> _Assigned task_
Take each line of the data that contains the string "Longrightarrow" and copy it.

> _Task data_
(* Let $\mathbf{A}\in\mathbb{R}^{(\ell m)\times(qn)}$ with $\mathcal{E}=(\mathbf{E}_1,\dots,\mathbf{E}_p)$ and $\mathcal{M}_{\mathcal{E}}$ as in the context, and let $\mathcal{T}=[\![\mathbf{X},\mathbf{Y},\mathbf{Z}]\!]\in\mathbb{R}^{m\times p\times n}$ be a CP tensor approximating $\mathcal{T}_{\mathcal{E}}[\mathbf{A}]$, with $\mathbf{X}\in\mathbb{R}^{m\times r}$, $\mathbf{Y}\in\mathbb{R}^{p\times r}$, $\mathbf{Z}\in\mathbb{R}^{n\times r}$, i.e. $\mathcal{T}_{i,k,j}=\sum_{s=1}^r\mathbf{X}_{is}\mathbf{Y}_{ks}\mathbf{Z}_{js}$. Suppose $\mathbf{Y}=\mathbf{F}\mathbf{G}^\top$ with $\mathbf{F}\in\mathbb{R}^{p\times r}$ and $\mathbf{G}\in\mathbb{R}^{r\times r}$. Then \[\mathcal{M}_{\mathcal{E}}[\mathcal{T}]=\sum_{j=1}^r\Big(\sum_{k=1}^p f_{kj}\mathbf{E}_k\Big)\otimes\big(\mathbf{X}\,\mathrm{diag}(\mathbf{G}_{:,j})\,\mathbf{Z}^\top\big),\] a representation as a sum of Kronecker products of matrices.
   Context: $\mathbf{A}$ is a block matrix with $\ell\times q$ blocks of size $m\times n$, whose blocks take exactly $p$ distinct values $\mathbf{A}_1,\dots,\mathbf{A}_p\in\mathbb{R}^{m\times n}$, $\mathbf{A}_k$ occurring at $\eta_k\ge1$ block positions. $\mathbf{E}_k\in\mathbb{R}^{\ell\times q}$ has $(i,j)$ entry $1/\sqrt{\eta_k}$ if $\mathbf{A}_k$ is the $(i,j)$ block of $\mathbf{A}$ and $0$ otherwise. $\mathcal{T}_{\mathcal{E}}[\mathbf{A}]\in\mathbb{R}^{m\times p\times n}$ has entries $\sqrt{\eta_k}(\mathbf{A}_k)_{ij}$ at position $(i,k,j)$. For $\mathcal{X}\in\mathbb{R}^{m\times p\times n}$, $\mathrm{sq}(\mathcal{X}_{:,k,:})$ is the $m\times n$ matrix with entries $\mathcal{X}_{i,k,j}$ and $\mathcal{M}_{\mathcal{E}}[\mathcal{X}]=\sum_{k=1}^p\mathbf{E}_k\otimes\mathrm{sq}(\mathcal{X}_{:,k,:})$. The Kronecker product $\mathbf{B}\otimes\mathbf{C}$ has $(i,j)$ block $b_{ij}\mathbf{C}$. $f_{kj}$ are the entries of $\mathbf{F}$, $\mathbf{G}_{:,j}$ is the $j$th column of $\mathbf{G}$, and $\mathrm{diag}(\mathbf{v})$ is the diagonal matrix with diagonal $\mathbf{v}$. *)

theory Defs
  imports "Jordan_Normal_Form.Matrix"
begin

definition kron :: "real mat \<Rightarrow> real mat \<Rightarrow> real mat" where
  "kron B C = mat (dim_row B * dim_row C) (dim_col B * dim_col C)
     (\<lambda>(i,j). B $$ (i div dim_row C, j div dim_col C) * C $$ (i mod dim_row C, j mod dim_col C))"

definition msum :: "nat \<Rightarrow> nat \<Rightarrow> ('i \<Rightarrow> real mat) \<Rightarrow> 'i set \<Rightarrow> real mat" where
  "msum nr nc f I = mat nr nc (\<lambda>(i,j). \<Sum>k\<in>I. f k $$ (i,j))"

definition blk :: "real mat \<Rightarrow> nat \<Rightarrow> nat \<Rightarrow> nat \<Rightarrow> nat \<Rightarrow> real mat" where
  "blk A m n i j = mat m n (\<lambda>(a,b). A $$ (i * m + a, j * n + b))"

definition eta :: "real mat \<Rightarrow> nat \<Rightarrow> nat \<Rightarrow> nat \<Rightarrow> nat \<Rightarrow> real mat \<Rightarrow> nat" where
  "eta A l q m n Ak = card {(i,j). i < l \<and> j < q \<and> blk A m n i j = Ak}"

definition Emat :: "real mat \<Rightarrow> nat \<Rightarrow> nat \<Rightarrow> nat \<Rightarrow> nat \<Rightarrow> real mat \<Rightarrow> real mat" where
  "Emat A l q m n Ak = mat l q (\<lambda>(i,j).
     if blk A m n i j = Ak then 1 / sqrt (real (eta A l q m n Ak)) else 0)"

text \<open>Third-order tensors in R^(m x p x n) are represented as functions nat => nat => nat => real
  (only indices below the dimensions matter). sq(X_{:,k,:}) is the m x n frontal slice.\<close>
definition sq_slice :: "nat \<Rightarrow> nat \<Rightarrow> (nat \<Rightarrow> nat \<Rightarrow> nat \<Rightarrow> real) \<Rightarrow> nat \<Rightarrow> real mat" where
  "sq_slice m n X k = mat m n (\<lambda>(i,j). X i k j)"

text \<open>M_E[X] = sum_k E_k (x) sq(X_{:,k,:}), for the family E_1..E_p (indices 0..p-1).\<close>
definition M_E :: "(nat \<Rightarrow> real mat) \<Rightarrow> nat \<Rightarrow> nat \<Rightarrow> nat \<Rightarrow> nat \<Rightarrow> nat \<Rightarrow>
    (nat \<Rightarrow> nat \<Rightarrow> nat \<Rightarrow> real) \<Rightarrow> real mat" where
  "M_E E p l q m n X = msum (l * m) (q * n) (\<lambda>k. kron (E k) (sq_slice m n X k)) {..<p}"

definition cp_tensor :: "real mat \<Rightarrow> real mat \<Rightarrow> real mat \<Rightarrow> nat \<Rightarrow> nat \<Rightarrow> nat \<Rightarrow> real" where
  "cp_tensor X Y Z i k j = (\<Sum>s<dim_col X. X $$ (i,s) * Y $$ (k,s) * Z $$ (j,s))"

end

theory Submission
  imports Defs
begin

text \<open>Every frontal slice of the CP tensor [[X,Y,Z]] is X diag(Y_{k,:}) Z^T. Substituting
  Y = F G^T makes diag(Y_{k,:}) the combination \<Sum>_j f_kj diag(G_{:,j}), so the k-th slice is
  \<Sum>_j f_kj P_j with P_j = X diag(G_{:,j}) Z^T. Bilinearity of the Kronecker product then lets
  the coefficients f_kj migrate from the right factor to the left one:
  \<Sum>_k E_k \<otimes> \<Sum>_j f_kj P_j = \<Sum>_j (\<Sum>_k f_kj E_k) \<otimes> P_j.\<close>

lemma msum_carrier [simp]: "msum nr nc f I \<in> carrier_mat nr nc"
  by (simp add: msum_def)

lemma msum_dims [simp]: "dim_row (msum nr nc f I) = nr" "dim_col (msum nr nc f I) = nc"
  by (simp_all add: msum_def)

lemma index_msum [simp]: "i < nr \<Longrightarrow> j < nc \<Longrightarrow> msum nr nc f I $$ (i, j) = (\<Sum>k\<in>I. f k $$ (i, j))"
  by (simp add: msum_def)

lemma index_kron:
  assumes "B \<in> carrier_mat l q" "C \<in> carrier_mat m n" "i < l * m" "j < q * n"
  shows "kron B C $$ (i, j) = B $$ (i div m, j div n) * C $$ (i mod m, j mod n)"
  using assms by (simp add: kron_def)

lemma index_mult_diag_mult_transpose:
  assumes "X \<in> carrier_mat m r" "Z \<in> carrier_mat n r" "a < m" "b < n"
  shows "(X * mat_diag r g * transpose_mat Z) $$ (a, b) = (\<Sum>s<r. X $$ (a, s) * g s * Z $$ (b, s))"
  using assms by (simp add: mat_diag_mult_right[of X m r] scalar_prod_def lessThan_atLeast0)

lemma sq_slice_cp_tensor:
  assumes "X \<in> carrier_mat m r" "Z \<in> carrier_mat n r"
  shows "sq_slice m n (cp_tensor X Y Z) k = X * mat_diag r (\<lambda>s. Y $$ (k, s)) * transpose_mat Z"
proof (rule eq_matI)
  fix a b assume "a < dim_row (X * mat_diag r (\<lambda>s. Y $$ (k, s)) * transpose_mat Z)"
    and "b < dim_col (X * mat_diag r (\<lambda>s. Y $$ (k, s)) * transpose_mat Z)"
  then have ab: "a < m" "b < n" using assms by simp_all
  show "sq_slice m n (cp_tensor X Y Z) k $$ (a, b)
      = (X * mat_diag r (\<lambda>s. Y $$ (k, s)) * transpose_mat Z) $$ (a, b)"
    using assms ab
    by (subst index_mult_diag_mult_transpose[OF assms ab]) (simp add: sq_slice_def cp_tensor_def)
qed (use assms in \<open>simp_all add: sq_slice_def\<close>)

lemma mult_diag_mult_transpose_sum:
  assumes "X \<in> carrier_mat m r" "Z \<in> carrier_mat n r"
  shows "X * mat_diag r (\<lambda>s. \<Sum>j\<in>J. c j * g j s) * transpose_mat Z
       = msum m n (\<lambda>j. c j \<cdot>\<^sub>m (X * mat_diag r (g j) * transpose_mat Z)) J"
proof (rule eq_matI)
  fix a b assume "a < dim_row (msum m n (\<lambda>j. c j \<cdot>\<^sub>m (X * mat_diag r (g j) * transpose_mat Z)) J)"
    and "b < dim_col (msum m n (\<lambda>j. c j \<cdot>\<^sub>m (X * mat_diag r (g j) * transpose_mat Z)) J)"
  then have ab: "a < m" "b < n" by simp_all
  have "(X * mat_diag r (\<lambda>s. \<Sum>j\<in>J. c j * g j s) * transpose_mat Z) $$ (a, b)
      = (\<Sum>s<r. X $$ (a, s) * (\<Sum>j\<in>J. c j * g j s) * Z $$ (b, s))"
    by (rule index_mult_diag_mult_transpose[OF assms ab])
  also have "\<dots> = (\<Sum>j\<in>J. c j * (\<Sum>s<r. X $$ (a, s) * g j s * Z $$ (b, s)))"
    by (simp add: sum_distrib_left sum_distrib_right mult_ac sum.swap[of _ "{..<r}"])
  also have "\<dots> = (\<Sum>j\<in>J. c j * (X * mat_diag r (g j) * transpose_mat Z) $$ (a, b))"
    by (simp only: index_mult_diag_mult_transpose[OF assms ab])
  also have "\<dots> = msum m n (\<lambda>j. c j \<cdot>\<^sub>m (X * mat_diag r (g j) * transpose_mat Z)) J $$ (a, b)"
    using assms ab by simp
  finally show "(X * mat_diag r (\<lambda>s. \<Sum>j\<in>J. c j * g j s) * transpose_mat Z) $$ (a, b)
      = msum m n (\<lambda>j. c j \<cdot>\<^sub>m (X * mat_diag r (g j) * transpose_mat Z)) J $$ (a, b)" .
qed (use assms in simp_all)

lemma msum_kron_msum_smult:
  assumes "\<And>k. k \<in> K \<Longrightarrow> E k \<in> carrier_mat l q" "\<And>j. j \<in> J \<Longrightarrow> P j \<in> carrier_mat m n"
  shows "msum (l * m) (q * n) (\<lambda>k. kron (E k) (msum m n (\<lambda>j. c k j \<cdot>\<^sub>m P j) J)) K
       = msum (l * m) (q * n) (\<lambda>j. kron (msum l q (\<lambda>k. c k j \<cdot>\<^sub>m E k) K) (P j)) J"
proof (rule eq_matI)
  fix i j' assume "i < dim_row (msum (l * m) (q * n) (\<lambda>j. kron (msum l q (\<lambda>k. c k j \<cdot>\<^sub>m E k) K) (P j)) J)"
    and "j' < dim_col (msum (l * m) (q * n) (\<lambda>j. kron (msum l q (\<lambda>k. c k j \<cdot>\<^sub>m E k) K) (P j)) J)"
  then have i: "i < l * m" and j': "j' < q * n" by simp_all
  then have "m \<noteq> 0" "n \<noteq> 0" by (metis mult_0_right not_less0)+
  with i j' have blk: "i div m < l" "j' div n < q" "i mod m < m" "j' mod n < n"
    by (auto simp: less_mult_imp_div_less mult.commute)
  have dim_E: "dim_row (E k) = l" "dim_col (E k) = q" if "k \<in> K" for k
    using assms(1)[OF that] by auto
  have dim_P: "dim_row (P j) = m" "dim_col (P j) = n" if "j \<in> J" for j
    using assms(2)[OF that] by auto
  let ?e = "\<lambda>k. E k $$ (i div m, j' div n)" and ?p = "\<lambda>j. P j $$ (i mod m, j' mod n)"
  have "msum (l * m) (q * n) (\<lambda>k. kron (E k) (msum m n (\<lambda>j. c k j \<cdot>\<^sub>m P j) J)) K $$ (i, j')
      = (\<Sum>k\<in>K. ?e k * (\<Sum>j\<in>J. c k j * ?p j))"
    using assms i j' blk by (auto simp: index_kron[of _ l q _ m n] dim_E dim_P intro!: sum.cong)
  also have "\<dots> = (\<Sum>j\<in>J. (\<Sum>k\<in>K. c k j * ?e k) * ?p j)"
    by (simp add: sum_distrib_left sum_distrib_right mult_ac sum.swap[of _ J])
  also have "\<dots> = msum (l * m) (q * n) (\<lambda>j. kron (msum l q (\<lambda>k. c k j \<cdot>\<^sub>m E k) K) (P j)) J $$ (i, j')"
    using assms i j' blk by (auto simp: index_kron[of _ l q _ m n] dim_E dim_P intro!: sum.cong)
  finally show "msum (l * m) (q * n) (\<lambda>k. kron (E k) (msum m n (\<lambda>j. c k j \<cdot>\<^sub>m P j) J)) K $$ (i, j')
      = msum (l * m) (q * n) (\<lambda>j. kron (msum l q (\<lambda>k. c k j \<cdot>\<^sub>m E k) K) (P j)) J $$ (i, j')" .
qed simp_all

lemma M_E_cp_tensor_factor:
  assumes "\<And>k. k < p \<Longrightarrow> E k \<in> carrier_mat l q"
    and "X \<in> carrier_mat m r" "Z \<in> carrier_mat n r"
    and "F \<in> carrier_mat p r" "G \<in> carrier_mat r r"
  shows "M_E E p l q m n (cp_tensor X (F * transpose_mat G) Z)
       = msum (l * m) (q * n)
           (\<lambda>j. kron (msum l q (\<lambda>k. F $$ (k, j) \<cdot>\<^sub>m E k) {..<p})
                     (X * mat_diag r (\<lambda>s. col G j $ s) * transpose_mat Z))
           {..<r}"
proof -
  let ?P = "\<lambda>j. X * mat_diag r (\<lambda>s. col G j $ s) * transpose_mat Z"
  have "sq_slice m n (cp_tensor X (F * transpose_mat G) Z) k = msum m n (\<lambda>j. F $$ (k, j) \<cdot>\<^sub>m ?P j) {..<r}"
    if "k < p" for k
  proof -
    have "mat_diag r (\<lambda>s. (F * transpose_mat G) $$ (k, s))
        = mat_diag r (\<lambda>s. \<Sum>j<r. F $$ (k, j) * col G j $ s)"
      using assms(4,5) that
      by (auto simp: mat_diag_def scalar_prod_def lessThan_atLeast0 mult.commute intro!: sum.cong)
    then show ?thesis
      using assms(2,3) by (simp add: sq_slice_cp_tensor mult_diag_mult_transpose_sum)
  qed
  then have "M_E E p l q m n (cp_tensor X (F * transpose_mat G) Z)
      = msum (l * m) (q * n) (\<lambda>k. kron (E k) (msum m n (\<lambda>j. F $$ (k, j) \<cdot>\<^sub>m ?P j) {..<r})) {..<p}"
    by (auto simp: M_E_def msum_def intro!: sum.cong)
  also have "\<dots> = msum (l * m) (q * n) (\<lambda>j. kron (msum l q (\<lambda>k. F $$ (k, j) \<cdot>\<^sub>m E k) {..<p}) (?P j)) {..<r}"
    using assms(1-3) by (intro msum_kron_msum_smult) auto
  finally show ?thesis .
qed

text \<open>Only Y = F G^T and the dimensions matter: the identity holds for any family of l x q
  matrices E_k.\<close>

theorem corollary4p2:
  fixes A :: "real mat" and Av :: "nat \<Rightarrow> real mat"
    and l q m n p r :: nat
    and X Y Z F G :: "real mat"
  assumes "A \<in> carrier_mat (l * m) (q * n)"
    and "\<And>k. k < p \<Longrightarrow> Av k \<in> carrier_mat m n"
    and "inj_on Av {..<p}"
    and "{blk A m n i j | i j. i < l \<and> j < q} = Av ` {..<p}"
    and "X \<in> carrier_mat m r" and "Y \<in> carrier_mat p r" and "Z \<in> carrier_mat n r"
    and "F \<in> carrier_mat p r" and "G \<in> carrier_mat r r"
    and "Y = F * transpose_mat G"
  shows "M_E (\<lambda>k. Emat A l q m n (Av k)) p l q m n (cp_tensor X Y Z)
       = msum (l * m) (q * n)
           (\<lambda>j. kron (msum l q (\<lambda>k. F $$ (k, j) \<cdot>\<^sub>m Emat A l q m n (Av k)) {..<p})
                     (X * mat_diag r (\<lambda>s. col G j $ s) * transpose_mat Z))
           {..<r}"
proof -
  have "Emat A l q m n (Av k) \<in> carrier_mat l q" for k
    by (simp add: Emat_def)
  with assms(5,7-10) show ?thesis
    by (simp add: M_E_cp_tensor_factor)
qed

end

> _Response area_
lemma index_msum [simp]: "i < nr \<Longrightarrow> j < nc \<Longrightarrow> msum nr nc f I $$ (i, j) = (\<Sum>k\<in>I. f k $$ (i, j))"
  assumes "\<And>k. k \<in> K \<Longrightarrow> E k \<in> carrier_mat l q" "\<And>j. j \<in> J \<Longrightarrow> P j \<in> carrier_mat m n"
  assumes "\<And>k. k < p \<Longrightarrow> E k \<in> carrier_mat l q"
    and "\<And>k. k < p \<Longrightarrow> Av k \<in> carrier_mat m n"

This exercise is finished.